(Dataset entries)
◇ ◇ ◇ ◇ ◇
text \<open>The arc \<open>\<sigma>\<close> is a semicircle iff its endpoints \<open>x\<^sup>*\<close>, \<open>y\<^sup>*\<close> are antipodal on \<open>S\<^sup>1(a,r\<^sub>a)\<close>.\<close>

locale semicircle_configuration =
  fixes a c x y :: complex and ra rc :: real
  assumes orth: "(cmod a)\<^sup>2 = ra\<^sup>2 + 1"
    and x_on: "x \<in> sphere a ra" and y_on: "y \<in> sphere a ra"
    and x_in: "cmod x < 1" and y_in: "cmod y < 1"
    and not_collinear: "\<not> collinear {0, x, y}"
    and semicircle: "inv_pt x + inv_pt y = 2 * a"
    and circle_0xy: "{0, x, y} \<subseteq> sphere c rc"
begin

abbreviation "u \<equiv> (cmod x)\<^sup>2"
abbreviation "w \<equiv> (cmod y)\<^sup>2"

lemma ra_nonneg: "ra \<ge> 0"
  using x_on by auto

lemma norm_c: "cmod c = rc"
  using circle_0xy by auto

lemma cross_x_y: "cross x y \<noteq> 0"
  using not_collinear collinear_0_iff_cross by blast

lemma x_ne_0: "x \<noteq> 0" and y_ne_0: "y \<noteq> 0"
  using cross_x_y by (auto simp: cross_complex)

lemma u_bounds: "0 < u" "u < 1" and w_bounds: "0 < w" "w < 1"
  using x_ne_0 y_ne_0 x_in y_in by (simp_all add: abs_square_less_1)

lemma u_eq: "u = 2 * (c \<bullet> x)" and w_eq: "w = 2 * (c \<bullet> y)"
  using circle_0xy sphere_through_0_inner by auto

lemma inner_x_y: "x \<bullet> y = u * w"
proof -
  have "u + 1 = 2 * (a \<bullet> x)"
    using x_on mem_orthogonal_sphere[OF orth ra_nonneg] by simp
  also have "\<dots> = (inv_pt x + inv_pt y) \<bullet> x"
    unfolding semicircle by (simp add: inner_complex_def)
  also have "\<dots> = 1 + (x \<bullet> y) / w"
    using x_ne_0 by (simp add: inner_add_left inner_commute[of "inv_pt _"] inner_inv_pt_right
        power2_norm_eq_inner)
  finally show ?thesis
    using w_bounds by (simp add: field_simps)
qed

lemma inner_a_c: "2 * (a \<bullet> c) = 1"
proof -
  have "2 * (a \<bullet> c) = c \<bullet> inv_pt x + c \<bullet> inv_pt y"
    using semicircle by (simp add: inner_commute flip: inner_add_right) (simp add: inner_complex_def)
  then show ?thesis
    using inner_inv_pt_circle_through_0[OF x_ne_0 u_eq] inner_inv_pt_circle_through_0[OF y_ne_0 w_eq]
    by simp
qed

lemma circles_orthogonal: "(cmod (a - c))\<^sup>2 = ra\<^sup>2 + rc\<^sup>2"
proof -
  have "(cmod (a - c))\<^sup>2 = (cmod a)\<^sup>2 - 2 * (a \<bullet> c) + (cmod c)\<^sup>2"
    by (simp add: cmod_power2 inner_complex_def) (simp add: power2_eq_square algebra_simps)
  then show ?thesis
    using orth inner_a_c norm_c by simp
qed

lemma cross_x_y_sq: "(cross x y)\<^sup>2 = u * w * (1 - u * w)"
proof -
  have "(cross x y)\<^sup>2 = (x \<bullet> x) * (y \<bullet> y) - (x \<bullet> y)\<^sup>2"
    using cross_mult_cross[of x y x y] by (simp add: power2_eq_square inner_commute)
  then show ?thesis
    by (simp add: inner_x_y power2_eq_square algebra_simps flip: power2_norm_eq_inner)
qed

lemma circumradius_eq: "4 * rc\<^sup>2 * (1 - u * w) = u + w - 2 * u * w"
proof -
  have "c \<bullet> x = u / 2" "c \<bullet> y = w / 2" using u_eq w_eq by simp_all
  moreover have "rc\<^sup>2 * (cross x y)\<^sup>2
      = (c \<bullet> x)\<^sup>2 * w - 2 * (c \<bullet> x) * (c \<bullet> y) * (x \<bullet> y) + (c \<bullet> y)\<^sup>2 * u"
    unfolding norm_c[symmetric] by (simp add: cmod_power2 inner_complex_def cross_complex) algebra
  moreover note cross_x_y_sq
  ultimately have "rc\<^sup>2 * (u * w * (1 - u * w))
      = (u / 2)\<^sup>2 * w - 2 * (u / 2) * (w / 2) * (u * w) + (w / 2)\<^sup>2 * u"
    by (simp only: inner_x_y)
  also have "\<dots> = u * w * (u + w - 2 * u * w) / 4"
    by (simp add: power2_eq_square field_simps)
  finally have "u * w * (4 * rc\<^sup>2 * (1 - u * w)) = u * w * (u + w - 2 * u * w)"
    by algebra
  then show ?thesis
    using u_bounds w_bounds by simp
qed

lemma circumradius_bounds: "0 < rc\<^sup>2" "4 * rc\<^sup>2 < 1"
proof -
  have "rc \<noteq> 0" using norm_c u_eq u_bounds by auto
  then show "0 < rc\<^sup>2" by simp
  have "4 * rc\<^sup>2 * (1 - u * w) = (1 - u * w) - (1 - u) * (1 - w)"
    using circumradius_eq by (simp add: algebra_simps)
  moreover have "0 < (1 - u) * (1 - w)" "u * w < 1"
    using u_bounds w_bounds mult_strict_mono[of u 1 w 1] by simp_all
  ultimately have "4 * rc\<^sup>2 * (1 - u * w) < 1 * (1 - u * w)" by simp
  then show "4 * rc\<^sup>2 < 1"
    using \<open>u * w < 1\<close> mult_right_less_imp_less by fastforce
qed

lemma norm_line_point: "(cmod (t *\<^sub>R c))\<^sup>2 = t\<^sup>2 * rc\<^sup>2"
  by (simp add: norm_c power_mult_distrib)

lemma line_point_on_sphere: "t *\<^sub>R c \<in> sphere a ra \<longleftrightarrow> t\<^sup>2 * rc\<^sup>2 = t - 1"
proof -
  have "2 * (a \<bullet> t *\<^sub>R c) = t" using inner_a_c by (simp add: algebra_simps)
  then show ?thesis
    unfolding mem_orthogonal_sphere[OF orth ra_nonneg] norm_line_point by linarith
qed

lemma line_meets_sphere:
  "z \<in> affine hull {0, c} \<inter> sphere a ra \<longleftrightarrow> (\<exists>t. z = t *\<^sub>R c \<and> t\<^sup>2 * rc\<^sup>2 = t - 1)"
  using line_point_on_sphere by (auto simp: affine_hull_2_alt)

lemma line_point_in_ball:
  assumes "t\<^sup>2 * rc\<^sup>2 = t - 1"
  shows "t *\<^sub>R c \<in> ball 0 1 \<longleftrightarrow> t < 2"
proof -
  have "t *\<^sub>R c \<in> ball 0 1 \<longleftrightarrow> (cmod (t *\<^sub>R c))\<^sup>2 < 1"
    by (simp add: abs_square_less_1)
  then show ?thesis
    using assms norm_line_point by simp
qed

lemma line_roots: "\<exists>t s. t\<^sup>2 * rc\<^sup>2 = t - 1 \<and> t < 2 \<and> s\<^sup>2 * rc\<^sup>2 = s - 1 \<and> 2 \<le> s"
proof (intro exI conjI)
  define q where "q = sqrt (1 - 4 * rc\<^sup>2)"
  have "0 < q" "q < 1" using circumradius_bounds by (simp_all add: q_def)
  show "(2 / (1 + q))\<^sup>2 * rc\<^sup>2 = 2 / (1 + q) - 1" "(2 / (1 - q))\<^sup>2 * rc\<^sup>2 = 2 / (1 - q) - 1"
    using quadratic_roots[OF circumradius_bounds] by (simp_all add: q_def)
  show "2 / (1 + q) < 2" "2 \<le> 2 / (1 - q)"
    using \<open>0 < q\<close> \<open>q < 1\<close> by (simp_all add: divide_less_eq le_divide_eq)
qed


lemma cross_chord_line_point:
  "cross (y - x) (t *\<^sub>R c - x) * cross (y - x) (inv_pt x - x)
    = (1 - 1 / u) * (u * w / 2) * (t * (u + w - 2) + 2 * (1 - u * w))"
proof -
  define D where "D = cross x y"
  have D2: "D\<^sup>2 = u * w * (1 - u * w)"
    using cross_x_y_sq by (simp add: D_def)
  have K: "D * cross (y - x) c = u * w * (u + w - 2) / 2"
  proof -
    have c: "c \<bullet> x = u / 2" "c \<bullet> y = w / 2" using u_eq w_eq by simp_all
    have "D * cross (y - x) c = (x \<bullet> y - x \<bullet> x) * (c \<bullet> y) - (c \<bullet> x) * (y \<bullet> y - x \<bullet> y)"
      using cross_mult_cross[of x y "y - x" c] by (simp add: D_def inner_diff_right inner_commute)
    also have "\<dots> = (u * w - u) * (w / 2) - (u / 2) * (w - u * w)"
      unfolding c inner_x_y power2_norm_eq_inner[symmetric] ..
    finally show ?thesis
      by (simp add: field_simps)
  qed
  have z: "cross (y - x) (t *\<^sub>R c - x) = t * cross (y - x) c + D"
    by (simp add: D_def cross_complex algebra_simps)
  have x': "cross (y - x) (inv_pt x - x) = (1 - 1 / u) * D"
    by (simp add: D_def inv_pt_scaleR cross_complex divide_inverse algebra_simps)
  have "cross (y - x) (t *\<^sub>R c - x) * cross (y - x) (inv_pt x - x)
      = (1 - 1 / u) * (t * (D * cross (y - x) c) + D\<^sup>2)"
    unfolding z x' by (simp add: power2_eq_square algebra_simps)
  also have "t * (D * cross (y - x) c) + D\<^sup>2 = (u * w / 2) * (t * (u + w - 2) + 2 * (1 - u * w))"
    unfolding K D2 by (simp add: field_simps)
  finally show ?thesis
    by (simp only: mult.assoc)
qed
◇ ◇ ◇ ◇ ◇
» WHAT TO PRODUCE: Show the lines of the records that include the string "ultimately".

» SOLUTION TO THIS EXERCISE:
  ultimately have "rc\<^sup>2 * (u * w * (1 - u * w))
  ultimately have "4 * rc\<^sup>2 * (1 - u * w) < 1 * (1 - u * w)" by simp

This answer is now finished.